Saved data entries:
Start of Block

text \<open>Paths are normalised to \<open>undefined\<close> beyond their length, so that distinct paths are distinct functions.\<close>
definition paths :: "nat \<Rightarrow> (nat \<Rightarrow> 'v) set" where
  "paths i = {p. (\<forall>j\<le>i. p j \<in> V) \<and> inj_on p {..i} \<and> (\<forall>j<i. p (Suc j) \<in> neighbours (p j))
     \<and> (\<forall>j>i. p j = undefined)}"

lemma finite_paths: "finite (paths i)"
proof -
  have "paths i \<subseteq> (\<lambda>f j. if j \<le> i then f j else undefined) ` (PiE {..i} (\<lambda>_. V))"
  proof
    fix p assume "p \<in> paths i"
    then have "p = (\<lambda>j. if j \<le> i then restrict p {..i} j else undefined)"
      "restrict p {..i} \<in> PiE {..i} (\<lambda>_. V)"
      unfolding paths_def by (auto simp: fun_eq_iff)
    then show "p \<in> (\<lambda>f j. if j \<le> i then f j else undefined) ` (PiE {..i} (\<lambda>_. V))" by blast
  qed
  then show ?thesis using finite_V by (meson finite_PiE finite_atMost finite_imageI finite_subset)
qed

lemma card_paths_0: "card (paths 0) = card V"
proof -
  have "paths 0 = (\<lambda>u j. if j = 0 then u else undefined) ` V"
  proof
    show "paths 0 \<subseteq> (\<lambda>u j. if j = 0 then u else undefined) ` V"
    proof
      fix p assume "p \<in> paths 0"
      then have "p = (\<lambda>j. if j = 0 then p 0 else undefined)" "p 0 \<in> V"
        unfolding paths_def by (auto simp: fun_eq_iff)
      then show "p \<in> (\<lambda>u j. if j = 0 then u else undefined) ` V" by blast
    qed
  qed (auto simp: paths_def)
  moreover have "inj_on (\<lambda>u j. if j = 0 then u else undefined) V"
    by (rule inj_onI) (metis (mono_tags))
  ultimately show ?thesis by (metis card_image)
qed

lemma card_neighbours_off_path_ge:
  assumes "p \<in> paths i"
  shows "d - i \<le> card (neighbours (p i) - p ` {..i})"
proof -
  have "neighbours (p i) \<inter> p ` {..i} \<subseteq> p ` {..<i}"
    using not_in_neighbours by (auto simp: atMost_Suc le_less)
  then have "card (neighbours (p i) \<inter> p ` {..i}) \<le> i"
    by (metis card_image_le card_lessThan card_mono finite_imageI finite_lessThan le_trans)
  moreover have "neighbours (p i) = (neighbours (p i) - p ` {..i}) \<union> (neighbours (p i) \<inter> p ` {..i})"
    by auto
  then have "card (neighbours (p i))
      \<le> card (neighbours (p i) - p ` {..i}) + card (neighbours (p i) \<inter> p ` {..i})"
    by (metis card_Un_le)
  moreover have "p i \<in> V" using assms unfolding paths_def by auto
  ultimately show ?thesis using card_neighbours_ge by fastforce
qed

lemma card_paths_Suc_ge: "(d - i) * card (paths i) \<le> card (paths (Suc i))"
proof -
  define new_ends where "new_ends p = neighbours (p i) - p ` {..i}" for p :: "nat \<Rightarrow> 'v"
  define g where "g = (\<lambda>(p :: nat \<Rightarrow> 'v, w). p(Suc i := w))"
  have image: "g ` (SIGMA p:paths i. new_ends p) \<subseteq> paths (Suc i)"
  proof
    fix x assume "x \<in> g ` (SIGMA p:paths i. new_ends p)"
    then obtain p w where pw: "p \<in> paths i" "w \<in> new_ends p" "x = p(Suc i := w)" unfolding g_def by auto
    have "x ` {..i} = p ` {..i}" "inj_on x {..i}" "x (Suc i) \<notin> x ` {..i}"
      using pw unfolding paths_def new_ends_def by (auto simp: inj_on_def)
    then have "inj_on x {..Suc i}" by (simp add: atMost_Suc)
    then show "x \<in> paths (Suc i)"
      using pw neighbours_subset unfolding paths_def new_ends_def by (auto simp: le_Suc_eq less_Suc_eq)
  qed
  have inj: "inj_on g (SIGMA p:paths i. new_ends p)"
  proof (rule inj_onI)
    fix a b assume "a \<in> (SIGMA p:paths i. new_ends p)" "b \<in> (SIGMA p:paths i. new_ends p)" "g a = g b"
    then obtain p w p' w' where h: "a = (p, w)" "b = (p', w')" "p \<in> paths i" "p' \<in> paths i"
      "p(Suc i := w) = p'(Suc i := w')" unfolding g_def by auto
    have "w = w'" using h(5) by (metis fun_upd_same)
    moreover have "p j = p' j" for j
      using h(3,4) fun_cong[OF h(5), of j] unfolding paths_def by (cases "j = Suc i") auto
    ultimately show "a = b" using h by auto
  qed
  have "finite (new_ends p)" for p
    unfolding new_ends_def using neighbours_subset finite_V finite_subset by blast
  have "(d - i) * card (paths i) = (\<Sum>p\<in>paths i. d - i)" by simp
  also have "\<dots> \<le> (\<Sum>p\<in>paths i. card (new_ends p))"
    unfolding new_ends_def using card_neighbours_off_path_ge by (rule sum_mono)
  also have "\<dots> = card (SIGMA p:paths i. new_ends p)"
    using finite_paths \<open>\<And>p. finite (new_ends p)\<close> by (simp add: card_SigmaI)
  also have "\<dots> = card (g ` (SIGMA p:paths i. new_ends p))" using inj by (simp add: card_image)
  also have "\<dots> \<le> card (paths (Suc i))" using image finite_paths by (rule card_mono[rotated])
  finally show ?thesis .
qed

lemma card_paths_ge: "i \<le> t \<Longrightarrow> card V * (d - t) ^ i \<le> card (paths i)"
proof (induction i)
  case 0
  then show ?case using card_paths_0 by simp
next
  case (Suc i)
  then have "(d - t) * (card V * (d - t) ^ i) \<le> (d - i) * card (paths i)"
    by (intro mult_le_mono) auto
  also have "\<dots> \<le> card (paths (Suc i))" by (rule card_paths_Suc_ge)
  finally show ?case by (simp add: ac_simps)
qed
lemma CDC_OneMinMax_gt:
  assumes "finite P" "inj_on ones P" "x \<in> P" "y \<in> P"
    and "surrounded (ones ` P) (ones y)" "\<not> surrounded (ones ` P) (ones x)"
  shows "ereal (4 / (real (Max (ones ` P)) - real (Min (ones ` P)))) < CDC (OneMinMax n) P x"
proof (cases "(\<exists>s\<in>ones ` P. s < ones x) \<and> (\<exists>s\<in>ones ` P. ones x < s)")
  case True
  let ?S = "ones ` P" and ?c = "ones x"
  have fin: "finite ?S"
    using assms(1) by simp
  then have "Min ?S \<le> ones y - 1" "ones y + 1 \<le> Max ?S"
    using assms(5) by (auto simp: surrounded_def)
  then have width: "0 < real (Max ?S) - real (Min ?S)"
    by linarith
  obtain p q where p: "p \<in> ?S" "p < ?c" and q: "q \<in> ?S" "?c < q"
    using True by blast
  have "prev_in ?S ?c + 3 \<le> next_in ?S ?c"
  proof (rule ccontr)
    assume "\<not> ?thesis"
    then have "prev_in ?S ?c = ?c - 1" "next_in ?S ?c = ?c + 1"
      using prev_in_greatest[OF fin p] next_in_least[OF fin q] by linarith+
    then show False
      using assms(6) prev_in_greatest[OF fin p] next_in_least[OF fin q] by (auto simp: surrounded_def)
  qed
  then have "real (prev_in ?S ?c) + 3 \<le> real (next_in ?S ?c)"
    by (metis of_nat_add of_nat_le_iff of_nat_numeral)
  then have "4 < 2 * (real (next_in ?S ?c) - real (prev_in ?S ?c))"
    by (simp add: right_diff_distrib)
  then have "4 / (real (Max ?S) - real (Min ?S))
               < 2 * (real (next_in ?S ?c) - real (prev_in ?S ?c)) / (real (Max ?S) - real (Min ?S))"
    using width by (rule divide_strict_right_mono)
  then show ?thesis
    using True CDC_OneMinMax[OF assms(1-3), of n] by simp
next
  case False
  then show ?thesis
    using CDC_OneMinMax[OF assms(1-3), of n] by auto
qed

definition cdc_or_hvc :: "(objf \<Rightarrow> pop \<Rightarrow> indiv \<Rightarrow> ereal) \<Rightarrow> bool" where
  "cdc_or_hvc D \<longleftrightarrow> D = CDC \<or> (\<exists>r\<ge>1. D = HVC (-r, -r))"

section \<open>Non-minimum uniform at random selection\<close>

lemma NMUAR_eq_pmf_of_set:
  assumes "finite P" "P \<noteq> {}"
  obtains A where "NMUAR D P = pmf_of_set A" "A \<subseteq> P" "A \<noteq> {}"
proof (cases "\<exists>x\<in>P. \<exists>y\<in>P. D P x \<noteq> D P y")
  case True
  then obtain x y where "x \<in> P" "y \<in> P" "D P x \<noteq> D P y"
    by blast
  then have "D P x \<noteq> Min (D P ` P) \<or> D P y \<noteq> Min (D P ` P)"
    by argo
  then have "{x\<in>P. D P x \<noteq> Min (D P ` P)} \<noteq> {}"
    using \<open>x \<in> P\<close> \<open>y \<in> P\<close> by blast
  moreover have "NMUAR D P = pmf_of_set {x\<in>P. D P x \<noteq> Min (D P ` P)}"
    using True unfolding NMUAR_def by (rule if_P)
  ultimately show ?thesis
    using that by blast
next
  case False
  then have "NMUAR D P = pmf_of_set P"
    unfolding NMUAR_def by (rule if_not_P)
  then show ?thesis
    using that assms(2) by blast
qed

lemma NMUAR_drop_min:
  assumes "finite P" "T \<subseteq> P" "T \<noteq> {}" "P - T \<noteq> {}"
    and "\<And>x. x \<in> T \<Longrightarrow> D P x = v" "\<And>x. x \<in> P - T \<Longrightarrow> v < D P x"
  shows "NMUAR D P = pmf_of_set (P - T)"
proof -
  obtain t u where tu: "t \<in> T" "u \<in> P - T"
    using assms(3,4) by blast
  have "Min (D P ` P) = v"
  proof (rule Min_eqI)
    show "v \<le> d" if "d \<in> D P ` P" for d
    proof -
      obtain x where "x \<in> P" "d = D P x"
        using \<open>d \<in> D P ` P\<close> by blast
      then show ?thesis
        using assms(5)[of x] assms(6)[of x] by (cases "x \<in> T") auto
    qed
    show "v \<in> D P ` P"
      using tu(1) assms(2) assms(5)[OF tu(1)] by (intro image_eqI[where x = t]) auto
  qed (use assms(1) in simp)
  moreover have "{x\<in>P. D P x \<noteq> v} = P - T"
  proof (intro equalityI subsetI)
    show "x \<in> P - T" if "x \<in> {x\<in>P. D P x \<noteq> v}" for x
      using that assms(5) by auto
    show "x \<in> {x\<in>P. D P x \<noteq> v}" if "x \<in> P - T" for x
      using that assms(6)[OF that] by auto
  qed
  moreover have "D P t \<noteq> D P u"
    using assms(5)[OF tu(1)] assms(6)[OF tu(2)] by simp
  then have "\<exists>x\<in>P. \<exists>y\<in>P. D P x \<noteq> D P y"
    using tu assms(2) by blast
  ultimately show ?thesis
    by (simp add: NMUAR_def)
qed

lemma mean_le_mean_upper:
  fixes h :: "'a \<Rightarrow> real"
  assumes "finite P" "A \<subseteq> P" "A \<noteq> {}" "\<And>t x. t \<in> P - A \<Longrightarrow> x \<in> A \<Longrightarrow> h t \<le> h x"
  shows "(\<Sum>x\<in>P. h x) / card P \<le> (\<Sum>x\<in>A. h x) / card A"
proof -
  have "finite A"
    by (rule finite_subset[OF assms(2,1)])
  have "h t * card A \<le> (\<Sum>x\<in>A. h x)" if "t \<in> P - A" for t
    using sum_mono[of A "\<lambda>_. h t" h] assms(4)[OF that] by (simp add: mult.commute)
  then have "(\<Sum>t\<in>P - A. h t * card A) \<le> (\<Sum>t\<in>P - A. \<Sum>x\<in>A. h x)"
    by (rule sum_mono)
  then have "(\<Sum>t\<in>P - A. h t) * card A \<le> card (P - A) * (\<Sum>x\<in>A. h x)"
    by (simp add: sum_distrib_right)
  then have "(\<Sum>x\<in>P. h x) * card A \<le> (\<Sum>x\<in>A. h x) * card P"
    using assms(1,2) \<open>finite A\<close>
    by (simp add: sum.subset_diff[of A P] card_Diff_subset card_mono of_nat_diff algebra_simps)
  moreover have "0 < card A" "0 < card P"
    using assms(1-3) \<open>finite A\<close> by (auto simp: card_gt_0_iff)
  ultimately show ?thesis
    by (simp add: field_simps)
qed

lemma NMUAR_mean_ge:
  fixes h :: "indiv \<Rightarrow> real"
  assumes "finite P" "P \<noteq> {}" "\<And>x y. x \<in> P \<Longrightarrow> y \<in> P \<Longrightarrow> D P x < D P y \<Longrightarrow> h x \<le> h y"
  obtains A where "NMUAR D P = pmf_of_set A" "A \<subseteq> P" "A \<noteq> {}"
    "(\<Sum>x\<in>P. h x) / card P \<le> (\<Sum>x\<in>A. h x) / card A"
proof (cases "\<exists>x\<in>P. \<exists>y\<in>P. D P x \<noteq> D P y")
  case False
  then have "NMUAR D P = pmf_of_set P"
    unfolding NMUAR_def by (rule if_not_P)
  then show ?thesis
    using that assms(2) by blast
next
  case True
  define A where "A = {x\<in>P. D P x \<noteq> Min (D P ` P)}"
  obtain x y where "x \<in> P" "y \<in> P" "D P x \<noteq> D P y"
    using True by blast
  then have "D P x \<noteq> Min (D P ` P) \<or> D P y \<noteq> Min (D P ` P)"
    by argo
  then have "A \<noteq> {}"
    using \<open>x \<in> P\<close> \<open>y \<in> P\<close> by (auto simp: A_def)
  have "A \<subseteq> P" "finite A"
    using assms(1) by (auto simp: A_def)
  have "h t \<le> h x" if "t \<in> P - A" "x \<in> A" for t x
    using that assms(1,3) by (auto simp: A_def order.strict_iff_order)
  with assms(1) \<open>A \<subseteq> P\<close> \<open>A \<noteq> {}\<close> have "(\<Sum>x\<in>P. h x) / card P \<le> (\<Sum>x\<in>A. h x) / card A"
    by (rule mean_le_mean_upper)
  moreover have "NMUAR D P = pmf_of_set A"
    using True unfolding NMUAR_def A_def by (rule if_P)
  ultimately show ?thesis
    using that \<open>A \<subseteq> P\<close> \<open>A \<noteq> {}\<close> by blast
qed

End of Block

Task item: Where does the string "intro" occur in the data above? Copy every line that holds it.

Solved problem:
    by (intro mult_le_mono) auto
      using tu(1) assms(2) assms(5)[OF tu(1)] by (intro image_eqI[where x = t]) auto
  proof (intro equalityI subsetI)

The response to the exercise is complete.